The Chinese annals, ascending as they do to the barbarous forest life of the nation, are marked with a soberness of judgment, a freedom from invention, which is almost unparalleled in the writings of any people; but the protective spirit which is the characteristic of that people proved as fatal to their literature as to their commerce. Free criticism is as unknown as free trade. While as regards the Hindus, their acute, analytical and logical mind is directed rather to grammar, criticism and philosophy than to history or chronology. Indeed, in history their imagination seems to have run wild, legend and fact are so indissolubly mingled together that any attempt to separate them seems vain. If we except the identification of the Greek Sandracottus with the Indian Chandragupta, we have really no clue by which we can test the truth of their writings or examine their method of investigation.

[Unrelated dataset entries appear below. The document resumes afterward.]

(* Let $z_1,\dots,z_N$ be independent with $z_i\sim\mathrm{Bernoulli}(q_i)$, $0<q_i<1$ for every $i\in[N]$, and let $S=\sum_{i=1}^Nz_i$. If $\min_{i\in[N]}q_i>\frac1N$, then $\Pr\{S>N\min_{i\in[N]}q_i\}>\frac14$. *)

theory Defs
  imports "HOL-Probability.Probability"
begin

end

theory Submission
  imports Defs
begin

(* Let p be the smallest q i and k = nat (floor (N p)), so that the event is S >= k + 1.
   Conditioning on the last variable gives a recursion for P(S >= j) that is monotone in
   every q i, hence P(S >= k + 1) is at least the binomial tail P(Bin(N, k/N) >= k + 1).
   This tail at the mean does not decrease with N: Bin(n, k/n) is deformed into
   Bin(n + 1, k/(n + 1)) through Bin(n, (k - t)/n) + Bernoulli(t), which keeps the mean k,
   and along the way the tail has derivative (a - t) (b(k - 1) - b(k)) >= 0 because k lies
   beyond the mode of the binomial weights b. So for k >= 2 the tail is at least its value
   (k/(k + 1))^(k + 1) >= 8/27 at N = k + 1; for k = 1 and N >= 3 it is at least
   P(Bin(3, 1/3) >= 2) = 7/27; and for N = 2 the probability is q 1 q 2 > 1/4. *)

section \<open>Tails of sums of independent Bernoulli variables\<close>

fun poisson_binomial_tail :: "(nat \<Rightarrow> real) \<Rightarrow> nat \<Rightarrow> nat \<Rightarrow> real" where
  "poisson_binomial_tail q 0 j = (if j = 0 then 1 else 0)"
| "poisson_binomial_tail q (Suc n) 0 = 1"
| "poisson_binomial_tail q (Suc n) (Suc j) =
     (1 - q (Suc n)) * poisson_binomial_tail q n (Suc j) + q (Suc n) * poisson_binomial_tail q n j"

lemma poisson_binomial_tail_0_right [simp]: "poisson_binomial_tail q n 0 = 1"
  by (cases n) auto

lemma poisson_binomial_tail_eq_0: "n < j \<Longrightarrow> poisson_binomial_tail q n j = 0"
proof (induction n arbitrary: j)
  case (Suc n)
  then obtain j' where "j = Suc j'" "n < j'" by (cases j) auto
  with Suc.IH show ?case by simp
qed simp

lemma poisson_binomial_tail_bounds:
  assumes "\<forall>i\<in>{1..n}. 0 \<le> q i \<and> q i \<le> 1"
  shows "0 \<le> poisson_binomial_tail q n j \<and> poisson_binomial_tail q n j \<le> 1"
  using assms
proof (induction n arbitrary: j)
  case (Suc n)
  then have IH: "0 \<le> poisson_binomial_tail q n j \<and> poisson_binomial_tail q n j \<le> 1" for j
    by simp
  have q: "0 \<le> q (Suc n)" "q (Suc n) \<le> 1"
    using Suc.prems by auto
  show ?case
  proof (cases j)
    case (Suc j')
    have "(1 - q (Suc n)) * poisson_binomial_tail q n j + q (Suc n) * poisson_binomial_tail q n j'
        \<le> (1 - q (Suc n)) * 1 + q (Suc n) * 1"
      using IH q by (intro add_mono mult_left_mono) auto
    with IH q Suc show ?thesis by simp
  qed simp
qed simp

It is among the Hellenic branch of the Indo-Germanic race that history proper is to be found, as well as the spirit of historical criticism; among that wonderful offshoot of the primitive Aryans, whom we call by the name of Greeks and to whom, as has been well said, we owe all that moves in the world except the blind forces of nature.

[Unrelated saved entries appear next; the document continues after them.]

lemma root_null_powers: "root_null (\<lambda>n. y ^ n)"
  unfolding root_null_def
proof (intro allI impI)
  fix e :: real assume "e > 0"
  define r where "r = 1 / e"
  have "r > 0" using \<open>e > 0\<close> by (simp add: r_def)
  obtain M where M: "\<forall>x. cmod x \<le> r \<longrightarrow> norm (resolvent x) \<le> M"
    using resolvent_bounded_on_disc by blast
  define \<rho> where "\<rho> = min r (1 / (2 * (norm y + 1)))"
  have \<rho>: "0 \<le> \<rho>" "\<rho> \<le> r" "\<rho> * norm y \<le> 1/2"
  proof -
    show "0 \<le> \<rho>" "\<rho> \<le> r" using \<open>r > 0\<close> by (simp_all add: \<rho>_def)
    have "norm y + 1 \<noteq> 0" using norm_ge_zero[of y] by linarith
    have "\<rho> * norm y \<le> 1 / (2 * (norm y + 1)) * (norm y + 1)"
      unfolding \<rho>_def by (intro mult_mono) auto
    also have "\<dots> = 1/2" using \<open>norm y + 1 \<noteq> 0\<close> by simp
    finally show "\<rho> * norm y \<le> 1/2" .
  qed
  let ?K = "M ^ 3 * norm y ^ 2"
  have "(\<lambda>N. M * (1/2) ^ N + r * ?K * r * cmod (1 - unit_root N))
      \<longlonglongrightarrow> M * 0 + r * ?K * r * cmod (1 - 1)"
    by (intro tendsto_intros LIMSEQ_power_zero unit_root_tendsto_1) simp
  then have "(\<lambda>N. M * (1/2) ^ N + r * ?K * r * cmod (1 - unit_root N)) \<longlonglongrightarrow> 0"
    by simp
  then have "\<forall>\<^sub>F N in sequentially. M * (1/2) ^ N + r * ?K * r * cmod (1 - unit_root N) < 1/2"
    by (rule order_tendstoD(2)) simp
  with eventually_ge_at_top[of 2]
  show "\<forall>\<^sub>F N in sequentially. norm (y ^ N) \<le> e ^ N"
  proof eventually_elim
    case (elim N)
    then have "norm (root_mean N (of_real r) - 1) \<le> 1/2"
      using norm_root_mean_sub_1_le[OF elim(1) \<rho> M] by simp
    then have "norm (of_complex (of_real r ^ N) * y ^ N) \<le> 1"
      using root_mean_inverse elim(1) by (intro norm_le_1_if_inverse_near_1) auto
    then have "r ^ N * norm (y ^ N) \<le> 1"
      using \<open>r > 0\<close> by (simp add: norm_of_complex_mult norm_power)
    then show "norm (y ^ N) \<le> e ^ N"
      using \<open>e > 0\<close> by (simp add: r_def field_simps)
  qed
qed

For, from the day when they left the chill table-lands of Tibet and journeyed, a nomad people, to Ægean shores, the characteristic of their nature has been the search for light, and the spirit of historical criticism is part of that wonderful Aufklärung or illumination of the intellect which seems to have burst on the Greek race like a great flood of light about the sixth century B.C.

L’esprit d’un siècle ne naît pas et ne meurt pas à jour fixe, and the first critic is perhaps as difficult to discover as the first man. It is from democracy that the spirit of criticism borrows its intolerance of dogmatic authority, from physical science the alluring analogies of law and order, from philosophy the conception of an essential unity underlying the complex manifestations of phenomena. It appears first rather as a changed attitude of mind than as a principle of research, and its earliest influences are to be found in the sacred writings.

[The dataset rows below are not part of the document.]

lemma card_T1_ge:
  assumes "card (UNIV :: 'a::{field,finite} set) = q ^ 4"
  shows "q ^ 2 + 1 \<le> card (T1 m :: 'a set)"
proof -
  have char: "CHAR('a) = 2"
    using assms by (rule CHAR_eq_2_if_card_eq_q_pow_4)
  have card_Os: "s \<le> card (Os m :: 'a set)" and card_Ot: "t \<le> card (Ot m :: 'a set)"
    using s_dvd_q4_minus_1 t_dvd_q4_minus_1 s_pos t_pos assms
    by (simp_all add: Os_def Ot_def card_roots_of_unity_ge)
  have "card (Os m - {1} :: 'a set) = card (Os m :: 'a set) - 1"
    by (simp add: Os_def card_Diff_singleton)
  moreover have "Ot m \<inter> (\<lambda>(u, v). T1_param u v) ` ((Os m - {1}) \<times> Ot m) = ({} :: 'a set)"
    using T1_param_notin_Ot[OF char] by auto
  ultimately have "card (T1 m :: 'a set)
      = card (Ot m :: 'a set) + (card (Os m :: 'a set) - 1) * card (Ot m :: 'a set)"
    unfolding T1_eq_image
    by (simp add: card_Un_disjoint card_image inj_on_T1_param[OF char] card_cartesian_product)
  also have "\<dots> = card (Os m :: 'a set) * card (Ot m :: 'a set)"
    using card_Os s_pos by (cases "card (Os m :: 'a set)") simp_all
  finally have "s * t \<le> card (T1 m :: 'a set)"
    using mult_le_mono[OF card_Os card_Ot] by simp
  then show ?thesis
    by (simp add: s_mult_t)
qed

lemma card_Q1_roots_le: "card {x::'a::field. Q1 m x = 0} \<le> q ^ 2 + 1"
proof -
  define P :: "'a poly" where
    "P = monom 1 (q ^ 2 + 1) + (1 + pcompose (Q1_tail r k L) (monom 1 t))"
  have "poly P x = Q1 m x" for x
    by (simp add: P_def Q1_eq_tail poly_pcompose poly_monom add.assoc)
  moreover have "degree (pcompose (Q1_tail r k L) (monom (1::'a) t)) < q ^ 2 + 1"
  proof -
    have "degree (Q1_tail (2 * k) k L :: 'a poly) < 2 * k * k - 2 * k + 1"
      by (rule degree_Q1_tail_less[OF two_le_k]) (simp add: k_eq)
    then have "degree (Q1_tail r k L :: 'a poly) < s"
      by (simp add: r_eq ss_def q_eq)
    then have "degree (Q1_tail r k L :: 'a poly) * t < s * t"
      using t_pos by simp
    then show ?thesis
      by (simp add: degree_pcompose degree_monom_eq s_mult_t)
  qed
  then have "degree (1 + pcompose (Q1_tail r k L) (monom (1::'a) t)) < q ^ 2 + 1"
    by (intro degree_add_less) simp_all
  then have "degree P = q ^ 2 + 1"
    unfolding P_def by (simp add: degree_add_eq_left degree_monom_eq)
  then have "P \<noteq> 0"
    by auto
  ultimately show ?thesis
    using card_poly_roots_bound[of P] \<open>degree P = q ^ 2 + 1\<close> by simp
qed

end

theorem theorem4p6:
  fixes m :: nat
  assumes "odd m" and "m \<ge> 3"
    and "card (UNIV :: 'a set) = qq m ^ 4"
  shows "{x :: 'a::{field,finite}. Q1 m x = 0} = T1 m"
proof -
  interpret suzuki_parameters m
    using assms(1,2) by unfold_locales
  have "CHAR('a) = 2"
    using assms(3) by (rule CHAR_eq_2_if_card_eq_q_pow_4)
  then have "T1 m \<subseteq> {x :: 'a. Q1 m x = 0}"
    by (rule T1_subset_Q1_roots)
  moreover have "card {x :: 'a. Q1 m x = 0} \<le> card (T1 m :: 'a set)"
    using card_Q1_roots_le card_T1_ge[OF assms(3)] by (rule le_trans)
  ultimately show ?thesis
    by (intro card_seteq[symmetric]) simp_all
qed

end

For men begin to doubt in questions of religion first, and then in matters of more secular interest; and as regards the nature of the spirit of historical criticism itself in its ultimate development, it is not confined merely to the empirical method of ascertaining whether an event happened or not, but is concerned also with the investigation into the causes of events, the general relations which phenomena of life hold to one another, and in its ultimate development passes into the wider question of the philosophy of history.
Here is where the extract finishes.